Некрасова Л. День рождения - Лидия Некрасова 3 стр.


Глава VIII. Кого искал прожектор?

Мама сидела за столом, положив голову на руки, вытянув руки на столе. Тонкую мамину руку обнимала браслетка часов.

— Удивительно, как это часы уцелели у вас на руке! — сказала тетя Катя. Она стояла у дверей, собираясь идти домой. — Даже стекло не разбили. Ну вот, вы и сможете их теперь продать.

Мама подняла голову и взглянула сначала на часы, потом на тетю Катю.

— Нет, — сказала она, — я никогда не смогу расстаться с этими часами. Это часы нашего папы. Память о нем. Такое счастье, что они не испортились, когда меня… — Мама вздохнула и закрыла глаза.

Прошло уже много времени с тех пор, как вечером маму привезли на извозчике. А рука у мамы еще болела. Мама опять была без работы, и Мака все дни проводила с мамой.

Мака была бы совсем счастлива, оттого что мама была теперь с ней, если бы не пропал Котя-Братя. Он очень похудел за последнее время. Спина у него стала острая и хвост облез. А несколько дней тому назад он ушел куда-то и не вернулся. Мака очень без него скучала.

Она стояла у окна, то складывая, то раскладывая мокрый носовой платок. Она долго плакала, и нос у нее распух.

— Котя-Братя ушел, наверное, потому, что мы его плохо кормили. Он подумал, что я жадная, и обиделся. А у меня ведь ничего вкусного не было. Ведь правда, мама, у нас ничего не было?

Мама подошла к Маке и обняла ее.

— Нигде ему все равно лучше, чем у нас, не будет. Сейчас он нигде не найдет никакой хорошей еды.

Но Мака не успокаивалась.

— Он заблудится и забудет, где мы живем.

Мака смотрела на темную улицу заплаканными глазами и представляла себе, как ходит между чужими домами бедный, усталый и голодный Котя-Братя. Как он ходит и плачет, потому что не знает дорогу домой.

И вдруг светлая полоса мелькнула на небе. Поднялась из-за «домов, проползла до самого верха неба и опустилась опять за дома. Как будто широкий луч погладил облака. Вот еще одна такая же полоса поднялась над крышами. Вот два, вот три светлых луча скрестились над домами.

— Мама, что это? — удивилась Мака. Мама и тетя Катя переглянулись.

— Это прожектор, — сказала спокойно мама. — Он освещает небо. Он ищет кого-нибудь.

— Я знаю! — сказала радостно Мака. — Я знаю, этот прожектор ищет на крышах Котю-Братю.

— Ну конечно, — засмеялась мама, и Мака легла спать спокойно, потому что такой светлый прожектор должен был найти Котю-Братю.

Теперь каждую ночь лучи прожекторов освещали верхушки зданий, скрещивались над куполом Исаакиевского собора, прокалывали осенние облака. Медленно, как будто щупая небо, как будто шаря в облаках, кто-то водил по небу светлым пальцем. Прожектор, как теперь уже знала Мака, конечно, искал не Котю-Братю. Прожекторы искали в облаках немецкий аэроплан, который мог теперь прилететь каждую ночь. Война придвинулась уже близко к Петрограду, и столицу охраняли эти светлые беспокойные пальцы.

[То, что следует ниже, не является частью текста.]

(* Let $G\simeq G'\rtimes A$ be a Frobenius group whose Frobenius kernel is the commutator subgroup $G'$ and with (necessarily abelian) Frobenius complement $A$. Then for every $x\in G\setminus G'$ one has $\mathrm{nr}(x)\notin\mathbb{Z}[G]$.
   Context: A Frobenius group is a finite group $G$ with a proper nontrivial subgroup $H$ (a Frobenius complement) such that $H\cap gHg^{-1}=\{1\}$ for all $g\in G\setminus H$; then there is a unique normal subgroup $N$ (the Frobenius kernel) with $G=N\rtimes H$. $\mathrm{nr}$ denotes the reduced norm of $\mathbb{Q}[G]$, with values in $\zeta(\mathbb{Q}[G])\subseteq\mathbb{Q}[G]$. *)

theory Defs
  imports "HOL-Algebra.Solvable_Groups" "Jordan_Normal_Form.Determinant"
begin

definition frobenius_complement :: "('a, 'b) monoid_scheme \<Rightarrow> 'a set \<Rightarrow> bool" where
  "frobenius_complement G H \<longleftrightarrow>
     group G \<and> finite (carrier G) \<and> subgroup H G \<and> H \<noteq> {\<one>\<^bsub>G\<^esub>} \<and> H \<noteq> carrier G \<and>
     (\<forall>g \<in> carrier G - H. H \<inter> (g <#\<^bsub>G\<^esub> H #>\<^bsub>G\<^esub> inv\<^bsub>G\<^esub> g) = {\<one>\<^bsub>G\<^esub>})"

definition frobenius_kernel :: "('a, 'b) monoid_scheme \<Rightarrow> 'a set \<Rightarrow> 'a set \<Rightarrow> bool" where
  "frobenius_kernel G H N \<longleftrightarrow>
     frobenius_complement G H \<and> N \<lhd> G \<and> N \<inter> H = {\<one>\<^bsub>G\<^esub>} \<and> N <#>\<^bsub>G\<^esub> H = carrier G"

definition is_rep :: "('a, 'b) monoid_scheme \<Rightarrow> nat \<Rightarrow> ('a \<Rightarrow> complex mat) \<Rightarrow> bool" where
  "is_rep G n \<rho> \<longleftrightarrow> n > 0 \<and> (\<forall>g \<in> carrier G. \<rho> g \<in> carrier_mat n n) \<and>
     \<rho> \<one>\<^bsub>G\<^esub> = 1\<^sub>m n \<and>
     (\<forall>g \<in> carrier G. \<forall>h \<in> carrier G. \<rho> (g \<otimes>\<^bsub>G\<^esub> h) = \<rho> g * \<rho> h)"

definition invariant_subspace :: "('a, 'b) monoid_scheme \<Rightarrow> nat \<Rightarrow> ('a \<Rightarrow> complex mat) \<Rightarrow> complex vec set \<Rightarrow> bool" where
  "invariant_subspace G n \<rho> W \<longleftrightarrow> W \<subseteq> carrier_vec n \<and> 0\<^sub>v n \<in> W \<and>
     (\<forall>v \<in> W. \<forall>w \<in> W. v + w \<in> W) \<and> (\<forall>c. \<forall>v \<in> W. c \<cdot>\<^sub>v v \<in> W) \<and>
     (\<forall>g \<in> carrier G. \<forall>v \<in> W. \<rho> g *\<^sub>v v \<in> W)"

definition irrep :: "('a, 'b) monoid_scheme \<Rightarrow> nat \<Rightarrow> ('a \<Rightarrow> complex mat) \<Rightarrow> bool" where
  "irrep G n \<rho> \<longleftrightarrow> is_rep G n \<rho> \<and>
     (\<forall>W. invariant_subspace G n \<rho> W \<longrightarrow> W = {0\<^sub>v n} \<or> W = carrier_vec n)"

definition rep_char :: "('a, 'b) monoid_scheme \<Rightarrow> nat \<Rightarrow> ('a \<Rightarrow> complex mat) \<Rightarrow> 'a \<Rightarrow> complex" where
  "rep_char G n \<rho> = (\<lambda>g. if g \<in> carrier G then (\<Sum>i<n. \<rho> g $$ (i, i)) else 0)"

definition irr_chars :: "('a, 'b) monoid_scheme \<Rightarrow> ('a \<Rightarrow> complex) set" where
  "irr_chars G = {\<chi>. \<exists>n \<rho>. irrep G n \<rho> \<and> \<chi> = rep_char G n \<rho>}"

definition rep_of_char :: "('a, 'b) monoid_scheme \<Rightarrow> ('a \<Rightarrow> complex) \<Rightarrow> nat \<times> ('a \<Rightarrow> complex mat)" where
  "rep_of_char G \<chi> = (SOME (n, \<rho>). irrep G n \<rho> \<and> \<chi> = rep_char G n \<rho>)"

text \<open>Elements of Q[G] are functions carrier G \<rightarrow> Q (coefficients); a representation is
  extended linearly.\<close>
definition rep_alg :: "('a, 'b) monoid_scheme \<Rightarrow> nat \<Rightarrow> ('a \<Rightarrow> complex mat) \<Rightarrow> ('a \<Rightarrow> rat) \<Rightarrow> complex mat" where
  "rep_alg G n \<rho> \<alpha> = mat n n (\<lambda>(i, j). \<Sum>g \<in> carrier G. of_rat (\<alpha> g) * \<rho> g $$ (i, j))"

text \<open>Reduced norm of Q[G], computed after extension of scalars to C (a splitting field):
  nr(alpha) = sum over irreducible characters chi of det(rho_chi(alpha)) e_chi, where
  e_chi = chi(1)/|G| sum_g chi(g^-1) g is the central primitive idempotent.
  The result is given by its coefficient function G \<rightarrow> C.\<close>
definition reduced_norm :: "('a, 'b) monoid_scheme \<Rightarrow> ('a \<Rightarrow> rat) \<Rightarrow> 'a \<Rightarrow> complex" where
  "reduced_norm G \<alpha> = (\<lambda>g. if g \<in> carrier G then
     (\<Sum>\<chi> \<in> irr_chars G.
        (case rep_of_char G \<chi> of (n, \<rho>) \<Rightarrow> det (rep_alg G n \<rho> \<alpha>))
        * \<chi> \<one>\<^bsub>G\<^esub> / of_nat (card (carrier G)) * \<chi> (inv\<^bsub>G\<^esub> g))
     else 0)"

definition grp_elem :: "('a, 'b) monoid_scheme \<Rightarrow> 'a \<Rightarrow> 'a \<Rightarrow> rat" where
  "grp_elem G x = (\<lambda>g. if g = x then 1 else 0)"

definition in_integral_group_ring :: "('a, 'b) monoid_scheme \<Rightarrow> ('a \<Rightarrow> complex) \<Rightarrow> bool" where
  "in_integral_group_ring G \<beta> \<longleftrightarrow> (\<forall>g \<in> carrier G. \<beta> g \<in> \<int>)"

end

theory Submission
  imports Defs "Jordan_Normal_Form.Schur_Decomposition" "HOL-Algebra.Multiplicative_Group"
begin

(* Let N = G' be the Frobenius kernel and x not in N. The coefficient of x in nr(x) is
   (1/|G|) * sum over chi of det rho_chi(x) * chi(1) * chi(x^-1). For an irreducible rho, the
   N-fixed vectors form an invariant subspace. If it is everything, rho factors through the
   abelian group G/N, so rho is linear and its summand is 1/|G|. If it is zero, the sum of
   rho(m) over m in N vanishes; as every coset yN outside N is a single N-conjugacy class
   (the centraliser in N of y is trivial), chi vanishes off N. So the coefficient is s/|G|,
   where s is the number of linear characters of G/N = A; orthogonality on A gives
   1 <= s <= |A| < |G|, hence s/|G| is not an integer. *)

section \<open>Matrices\<close>

definition trace :: "'a::comm_ring_1 mat \<Rightarrow> 'a" where
  "trace M = (\<Sum>i<dim_row M. M $$ (i, i))"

Каждую ночь люди с тревогой ждали немецкий аэроплан, каждый день ожидали, что случится что-нибудь страшное.

По улице ходили перепуганные люди и часто смотрели вверх. Мака, проходя по улицам, держась за мамину руку, тоже задирала голову и смотрела на небо. Ничего не было видно. Только серенькое-серенькое, низкое небо. Иногда моросил мелкий дождик.



— Ригу сдали. Слышали? — спросил маму знакомый высокий дядя. Он нахмурился и спрятал голову в воротник.

— Слышала, — мама кивнула головой.

— Теперь немцы двинутся на Петроград, — сказал дядя.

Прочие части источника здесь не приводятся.